Records supplied:
•••••
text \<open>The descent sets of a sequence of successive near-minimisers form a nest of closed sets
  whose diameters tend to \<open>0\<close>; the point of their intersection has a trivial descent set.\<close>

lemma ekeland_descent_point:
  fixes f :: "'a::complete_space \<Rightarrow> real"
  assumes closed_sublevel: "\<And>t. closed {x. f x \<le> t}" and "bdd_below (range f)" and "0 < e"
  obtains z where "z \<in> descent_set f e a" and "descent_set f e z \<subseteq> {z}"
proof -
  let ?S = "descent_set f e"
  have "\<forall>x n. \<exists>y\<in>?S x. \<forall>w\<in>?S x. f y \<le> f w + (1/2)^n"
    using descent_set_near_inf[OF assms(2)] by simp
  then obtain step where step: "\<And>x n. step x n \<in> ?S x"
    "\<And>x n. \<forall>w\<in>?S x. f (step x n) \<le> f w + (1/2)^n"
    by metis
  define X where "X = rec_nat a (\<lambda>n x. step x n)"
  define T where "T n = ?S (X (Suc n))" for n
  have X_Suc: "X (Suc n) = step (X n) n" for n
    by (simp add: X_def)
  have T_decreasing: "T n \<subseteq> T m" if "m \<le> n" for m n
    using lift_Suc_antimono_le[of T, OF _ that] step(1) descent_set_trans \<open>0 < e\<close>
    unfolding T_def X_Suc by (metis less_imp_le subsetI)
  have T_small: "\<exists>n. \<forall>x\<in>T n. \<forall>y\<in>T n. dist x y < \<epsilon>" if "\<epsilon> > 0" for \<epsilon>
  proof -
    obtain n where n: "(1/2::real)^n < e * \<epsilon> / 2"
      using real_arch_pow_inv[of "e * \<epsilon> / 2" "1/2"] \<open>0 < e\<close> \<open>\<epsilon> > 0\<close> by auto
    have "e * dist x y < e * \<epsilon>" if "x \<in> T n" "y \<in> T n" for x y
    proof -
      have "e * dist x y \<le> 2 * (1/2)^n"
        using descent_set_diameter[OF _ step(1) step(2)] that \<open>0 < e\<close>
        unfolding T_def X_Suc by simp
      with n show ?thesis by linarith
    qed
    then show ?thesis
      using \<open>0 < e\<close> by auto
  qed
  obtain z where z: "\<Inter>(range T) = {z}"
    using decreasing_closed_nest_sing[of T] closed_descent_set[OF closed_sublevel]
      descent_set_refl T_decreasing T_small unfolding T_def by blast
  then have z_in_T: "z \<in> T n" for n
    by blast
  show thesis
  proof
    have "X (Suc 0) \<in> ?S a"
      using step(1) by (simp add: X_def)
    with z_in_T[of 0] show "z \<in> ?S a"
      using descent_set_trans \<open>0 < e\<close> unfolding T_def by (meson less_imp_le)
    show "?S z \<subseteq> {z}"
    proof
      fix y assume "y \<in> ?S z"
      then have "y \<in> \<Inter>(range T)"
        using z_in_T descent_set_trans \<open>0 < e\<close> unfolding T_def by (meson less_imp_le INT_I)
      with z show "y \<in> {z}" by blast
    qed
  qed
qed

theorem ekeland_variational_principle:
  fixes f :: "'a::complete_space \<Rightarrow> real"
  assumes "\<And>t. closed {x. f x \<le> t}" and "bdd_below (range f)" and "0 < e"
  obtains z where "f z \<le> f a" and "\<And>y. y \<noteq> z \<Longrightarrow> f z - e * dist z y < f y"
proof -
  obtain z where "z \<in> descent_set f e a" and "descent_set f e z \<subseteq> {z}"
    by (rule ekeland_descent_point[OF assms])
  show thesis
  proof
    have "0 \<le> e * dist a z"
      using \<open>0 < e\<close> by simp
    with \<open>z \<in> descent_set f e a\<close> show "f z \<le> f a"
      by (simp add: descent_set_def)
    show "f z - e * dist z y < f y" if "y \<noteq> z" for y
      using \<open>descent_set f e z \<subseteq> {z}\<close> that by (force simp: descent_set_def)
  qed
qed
•••••
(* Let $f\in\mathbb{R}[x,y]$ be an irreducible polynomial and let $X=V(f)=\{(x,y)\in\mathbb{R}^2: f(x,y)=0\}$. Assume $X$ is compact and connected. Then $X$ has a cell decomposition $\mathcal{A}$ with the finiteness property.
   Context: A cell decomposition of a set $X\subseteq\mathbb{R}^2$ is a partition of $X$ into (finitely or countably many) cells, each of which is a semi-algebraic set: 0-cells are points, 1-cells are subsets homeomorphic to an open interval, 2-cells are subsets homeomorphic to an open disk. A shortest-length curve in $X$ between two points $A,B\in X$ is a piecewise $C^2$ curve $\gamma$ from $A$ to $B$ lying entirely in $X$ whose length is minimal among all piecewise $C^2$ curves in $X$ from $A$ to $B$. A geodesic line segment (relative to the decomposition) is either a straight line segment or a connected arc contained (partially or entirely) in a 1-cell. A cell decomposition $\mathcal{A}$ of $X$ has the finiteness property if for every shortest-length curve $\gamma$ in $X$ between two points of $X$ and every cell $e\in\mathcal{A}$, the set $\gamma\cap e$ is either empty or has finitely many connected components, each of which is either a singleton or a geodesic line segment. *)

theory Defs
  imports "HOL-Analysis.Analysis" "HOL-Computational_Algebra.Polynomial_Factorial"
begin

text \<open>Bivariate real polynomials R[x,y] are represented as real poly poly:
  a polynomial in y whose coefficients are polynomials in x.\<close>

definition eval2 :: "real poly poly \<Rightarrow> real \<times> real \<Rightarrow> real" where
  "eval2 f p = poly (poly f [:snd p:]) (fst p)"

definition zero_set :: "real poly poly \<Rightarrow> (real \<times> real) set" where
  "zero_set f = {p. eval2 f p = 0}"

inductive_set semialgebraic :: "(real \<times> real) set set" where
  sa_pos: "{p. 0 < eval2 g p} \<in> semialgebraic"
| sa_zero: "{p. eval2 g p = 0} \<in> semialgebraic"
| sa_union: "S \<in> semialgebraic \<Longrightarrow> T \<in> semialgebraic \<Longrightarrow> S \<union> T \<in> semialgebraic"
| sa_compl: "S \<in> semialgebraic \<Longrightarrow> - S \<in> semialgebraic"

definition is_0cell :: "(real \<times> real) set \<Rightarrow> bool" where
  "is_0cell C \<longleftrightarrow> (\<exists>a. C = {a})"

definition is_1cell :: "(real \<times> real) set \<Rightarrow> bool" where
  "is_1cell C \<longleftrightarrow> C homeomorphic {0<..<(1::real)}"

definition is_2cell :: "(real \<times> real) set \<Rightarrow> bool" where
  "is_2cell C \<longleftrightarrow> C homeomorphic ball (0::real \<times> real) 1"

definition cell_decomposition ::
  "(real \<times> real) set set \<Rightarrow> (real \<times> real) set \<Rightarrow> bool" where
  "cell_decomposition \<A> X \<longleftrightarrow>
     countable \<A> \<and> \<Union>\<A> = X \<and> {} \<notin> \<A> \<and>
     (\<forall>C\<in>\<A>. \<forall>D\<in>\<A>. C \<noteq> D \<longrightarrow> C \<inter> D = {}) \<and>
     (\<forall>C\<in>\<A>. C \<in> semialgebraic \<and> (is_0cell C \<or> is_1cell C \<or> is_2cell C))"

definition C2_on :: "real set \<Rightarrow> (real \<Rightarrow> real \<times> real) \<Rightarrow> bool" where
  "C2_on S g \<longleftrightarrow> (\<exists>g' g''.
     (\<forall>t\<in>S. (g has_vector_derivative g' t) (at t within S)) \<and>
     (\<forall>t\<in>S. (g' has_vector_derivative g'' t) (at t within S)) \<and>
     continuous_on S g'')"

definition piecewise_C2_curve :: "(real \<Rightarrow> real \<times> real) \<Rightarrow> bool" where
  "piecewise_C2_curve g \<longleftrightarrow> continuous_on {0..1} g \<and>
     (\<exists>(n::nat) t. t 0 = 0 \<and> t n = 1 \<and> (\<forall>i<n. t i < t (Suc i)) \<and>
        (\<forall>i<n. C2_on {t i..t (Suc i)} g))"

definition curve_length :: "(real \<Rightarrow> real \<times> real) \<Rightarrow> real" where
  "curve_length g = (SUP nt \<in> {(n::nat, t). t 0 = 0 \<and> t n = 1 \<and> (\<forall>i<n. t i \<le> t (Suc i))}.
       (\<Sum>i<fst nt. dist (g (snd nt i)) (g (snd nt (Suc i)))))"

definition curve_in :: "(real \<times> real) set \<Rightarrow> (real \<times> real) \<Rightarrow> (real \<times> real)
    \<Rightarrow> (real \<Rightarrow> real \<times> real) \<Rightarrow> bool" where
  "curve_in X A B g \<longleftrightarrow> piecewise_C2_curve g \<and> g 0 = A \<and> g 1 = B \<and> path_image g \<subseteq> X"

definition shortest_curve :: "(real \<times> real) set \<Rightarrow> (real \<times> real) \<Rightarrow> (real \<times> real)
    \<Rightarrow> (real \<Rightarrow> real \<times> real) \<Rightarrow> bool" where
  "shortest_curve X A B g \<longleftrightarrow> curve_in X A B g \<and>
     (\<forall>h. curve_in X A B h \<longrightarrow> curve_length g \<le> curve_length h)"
•••••
What to do: Check each line above for the string "obtains", then copy the ones that have it.

Exercise output:
  obtains z where "z \<in> descent_set f e a" and "descent_set f e z \<subseteq> {z}"
  obtains z where "f z \<le> f a" and "\<And>y. y \<noteq> z \<Longrightarrow> f z - e * dist z y < f y"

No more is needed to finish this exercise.